**SUPPLIED INFORMATION**
(* Every TP ideal is an n-Lie ideal, which gives one direction. Conversely, let A be TP-simple
   and I an n-Lie ideal. The span of all brackets is closed under multiplication by the TP
   identity, hence a nonzero TP ideal, hence A. Combining the Filippov and TP identities gives
   h [x, [z_1, ..., z_n], w_3, ..., w_n] \<in> I for x \<in> I, so by linearity in the second slot
   h [x, y_2, ..., y_n] \<in> I for all y. Thus K = {x \<in> I. h x \<in> I for all h} is a TP ideal: if K = A
   then I = A, and if K = 0 then [I, A, ..., A] \<subseteq> K = 0, so I lies in the centre, which is
   a proper TP ideal and therefore 0. *)

lemma TP_ideal_imp_n_Lie_ideal: "TP_ideal sc n br J \<Longrightarrow> n_Lie_ideal sc n br J"
  unfolding TP_ideal_def n_Lie_ideal_def by blast

lemma simple_n_Lie_imp_simple_TP_n_Lie:
  "simple_n_Lie sc n br \<Longrightarrow> simple_TP_n_Lie sc n br"
  unfolding simple_n_Lie_def simple_TP_n_Lie_def using TP_ideal_imp_n_Lie_ideal by blast

context vector_space
begin

lemma subspace_scale_cancel:
  assumes "subspace S" "c \<noteq> 0" "c *s x \<in> S"
  shows "x \<in> S"
  using subspace_scale[OF assms(1,3), of "inverse c"] assms(2) by simp

lemma subspace_sum_remove:
  assumes "subspace S" "finite K" "k \<in> K" "\<And>j. j \<in> K \<Longrightarrow> j \<noteq> k \<Longrightarrow> f j \<in> S"
  shows "sum f K - f k \<in> S"
proof -
  have "sum f K - f k = sum f (K - {k})"
    using assms(2,3) by (simp add: sum.remove)
  then show ?thesis
    using assms by (auto intro!: subspace_sum)
qed

end

definition n_Lie_center :: "nat \<Rightarrow> ('a::zero list \<Rightarrow> 'a) \<Rightarrow> 'a set" where
  "n_Lie_center n br = {x. \<forall>ys. length ys = n - 1 \<longrightarrow> br (x # ys) = 0}"

locale n_Lie_alg =
  fixes sc :: "complex \<Rightarrow> 'a::ab_group_add \<Rightarrow> 'a" and n :: nat and br :: "'a list \<Rightarrow> 'a"
  assumes n_Lie: "n_Lie_algebra sc n br"
begin

sublocale vector_space sc
  using n_Lie by (simp add: n_Lie_algebra_def)

lemma module_hom_bracket_update:
  assumes "length xs = n" "i < n"
  shows "module_hom sc sc (\<lambda>a. br (xs[i := a]))"
  using n_Lie assms module_axioms
  by (auto simp: module_hom_iff n_Lie_algebra_def multilinear_n_def)

lemma bracket_swap:
  "length xs = n \<Longrightarrow> i < j \<Longrightarrow> j < n \<Longrightarrow> br (xs[i := xs ! j, j := xs ! i]) = - br xs"
  using n_Lie by (simp add: n_Lie_algebra_def skew_symmetric_n_def)

lemma bracket_filippov:
  "length xs = n \<Longrightarrow> length ys = n - 1 \<Longrightarrow>
     br (br xs # ys) = (\<Sum>i<n. br (xs[i := br (xs ! i # ys)]))"
  using n_Lie by (simp add: n_Lie_algebra_def filippov_identity_def)

lemma n_Lie_ideal_bracket_mem:
  assumes I: "n_Lie_ideal sc n br I" and L: "length L = n" "j < n" "L ! j \<in> I"
  shows "br L \<in> I"
proof -
  have bracket_head: "br M \<in> I" if "length M = n" "M ! 0 \<in> I" for M
  proof -
    have "M = M ! 0 # tl M"
      using that L(2) by (cases M) auto
    then show ?thesis
      using I that by (metis length_tl n_Lie_ideal_def)
  qed
  show ?thesis
  proof (cases "j = 0")
    case True
    then show ?thesis using bracket_head L by simp
  next
    case False
    let ?M = "L[0 := L ! j, j := L ! 0]"
    have "br ?M \<in> I"
      using bracket_head[of ?M] L False by simp
    moreover have "br ?M = - br L"
      using bracket_swap[of L 0 j] L False by simp
    ultimately show ?thesis
      using I by (metis minus_minus n_Lie_ideal_def subspace_neg)
  qed
qed

end

locale TP_n_Lie_alg =
  fixes sc :: "complex \<Rightarrow> 'a::comm_ring \<Rightarrow> 'a" and n :: nat and br :: "'a list \<Rightarrow> 'a"
  assumes two_le_n: "2 \<le> n" and TP: "transposed_Poisson_n_Lie sc n br"
begin

sublocale n_Lie_alg sc n br
  using TP by unfold_locales (simp add: transposed_Poisson_n_Lie_def)

lemma mult_scale_right: "h * sc c a = sc c (h * a)"
  using TP by (simp add: transposed_Poisson_n_Lie_def comm_assoc_algebra_def mult.commute)

lemma module_hom_mult: "module_hom sc sc ((*) h)"
  using module_axioms by (simp add: module_hom_iff distrib_left mult_scale_right)

lemma TP_identity:
  "length xs = n \<Longrightarrow> sc (of_nat n) (h * br xs) = (\<Sum>i<n. br (xs[i := h * xs ! i]))"
  using TP by (simp add: transposed_Poisson_n_Lie_def)

lemma of_nat_n_neq_0: "(of_nat n :: complex) \<noteq> 0"
  using two_le_n by simp

lemma of_nat_n_minus_1_neq_0: "(of_nat n - 1 :: complex) \<noteq> 0"
  using two_le_n by simp

lemma TP_identity_mod_ideal:
  assumes I: "n_Lie_ideal sc n br I" and L: "length L = n" "k < n" "L ! k \<in> I"
  shows "sc (of_nat n) (h * br L) - br (L[k := h * L ! k]) \<in> I"
  unfolding TP_identity[OF L(1)]
proof (rule subspace_sum_remove)
  fix j assume "j \<in> {..<n}" "j \<noteq> k"
  then show "br (L[j := h * L ! j]) \<in> I"
    using n_Lie_ideal_bracket_mem[OF I, of "L[j := h * L ! j]" k] L by simp
qed (use I L in \<open>auto simp: n_Lie_ideal_def\<close>)

lemma bracket_bracket_mult_mem:
  assumes I: "n_Lie_ideal sc n br I" and x: "x \<in> I"
    and zs: "length zs = n" and ws: "length ws = n - 2"
  shows "br (br zs # h * x # ws) \<in> I"
proof -
  (* With E = [[zs], x, ws] and v = [[zs], h x, ws], the TP identity in the slot of x gives
     n h E = v mod I; expanding E and v by Filippov and applying the TP identity to each
     summand gives n^2 h E = v mod I. Hence (n - 1) v \<in> I. *)
  define N where "N = (of_nat n :: complex)"
  define u where "u i = br (zs ! i # x # ws)" for i
  define w where "w i = br (zs ! i # h * x # ws)" for i
  define v where "v = br (br zs # h * x # ws)"
  have sI: "subspace I"
    using I by (simp add: n_Lie_ideal_def)
  have slot1: "sc N (h * br (a # x # ws)) - br (a # h * x # ws) \<in> I" for a
    using TP_identity_mod_ideal[OF I, of "a # x # ws" 1 h] x ws two_le_n
    unfolding N_def by simp
  have u: "u i \<in> I" if "i < n" for i
    using n_Lie_ideal_bracket_mem[OF I, of "zs ! i # x # ws" 1] x ws two_le_n
    unfolding u_def by simp
  have summand: "sc N (sc N (h * br (zs[i := u i]))) - br (zs[i := w i]) \<in> I" if i: "i < n" for i
  proof -
    interpret slot: module_hom sc sc "\<lambda>a. br (zs[i := a])"
      using module_hom_bracket_update zs i .
    have "sc N (h * br (zs[i := u i])) - br (zs[i := h * u i]) \<in> I"
      using TP_identity_mod_ideal[OF I, of "zs[i := u i]" i h] zs i u[OF i]
      unfolding N_def by simp
    moreover have "br (zs[i := sc N (h * u i) - w i]) \<in> I"
      using n_Lie_ideal_bracket_mem[OF I, of "zs[i := sc N (h * u i) - w i]" i] slot1 zs i
      unfolding u_def w_def by simp
    ultimately have "sc N (sc N (h * br (zs[i := u i])) - br (zs[i := h * u i]))
        + br (zs[i := sc N (h * u i) - w i]) \<in> I"
      using sI by (simp add: subspace_add subspace_scale)
    then show ?thesis
      by (simp add: slot.diff slot.scale scale_right_diff_distrib del: scale_scale)
  qed
  have filippov_u: "br (br zs # x # ws) = (\<Sum>i<n. br (zs[i := u i]))"
    using bracket_filippov[OF zs, of "x # ws"] ws two_le_n unfolding u_def by simp
  have filippov_w: "v = (\<Sum>i<n. br (zs[i := w i]))"
    using bracket_filippov[OF zs, of "h * x # ws"] ws two_le_n unfolding v_def w_def by simp
  have "sc N (sc N (h * br (br zs # x # ws))) - v
      = (\<Sum>i<n. sc N (sc N (h * br (zs[i := u i]))) - br (zs[i := w i]))"
    unfolding filippov_u filippov_w
    by (simp add: sum_distrib_left scale_sum_right sum_subtractf del: scale_scale)
  also have "\<dots> \<in> I"
    using summand by (auto intro: subspace_sum[OF sI])
  finally have "sc N (sc N (h * br (br zs # x # ws))) - v \<in> I" .
  moreover have "sc N (sc N (h * br (br zs # x # ws)) - v) \<in> I"
    using subspace_scale[OF sI slot1] unfolding v_def .
  ultimately have "sc (N - 1) v \<in> I"
    using subspace_diff[OF sI]
    by (fastforce simp: scale_left_diff_distrib scale_right_diff_distrib simp del: scale_scale)
  then show ?thesis
    using subspace_scale_cancel[OF sI] of_nat_n_minus_1_neq_0 unfolding N_def v_def by blast
qed

lemma mult_bracket_bracket_mem:
  assumes I: "n_Lie_ideal sc n br I" and x: "x \<in> I"
    and zs: "length zs = n" and ws: "length ws = n - 2"
  shows "h * br (x # br zs # ws) \<in> I"
proof -
  have sI: "subspace I"
    using I by (simp add: n_Lie_ideal_def)
  have "br (h * x # br zs # ws) = - br (br zs # h * x # ws)"
    using bracket_swap[of "br zs # h * x # ws" 0 1] ws two_le_n by simp
  then have "br (h * x # br zs # ws) \<in> I"
    using subspace_neg[OF sI bracket_bracket_mult_mem[OF I x zs ws]] by simp
  moreover have "sc (of_nat n) (h * br (x # br zs # ws)) - br (h * x # br zs # ws) \<in> I"
    using TP_identity_mod_ideal[OF I, of "x # br zs # ws" 0 h] x ws two_le_n by simp
  ultimately have "sc (of_nat n) (h * br (x # br zs # ws)) \<in> I"
    using subspace_add[OF sI] by fastforce
  then show ?thesis
    using subspace_scale_cancel[OF sI] of_nat_n_neq_0 by blast
qed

**PROBLEM TO WORK ON**
An exact number is called for here: how many lines across the records contain the word "auto". Nothing else belongs in the answer.

**FINISHED EXERCISE**
5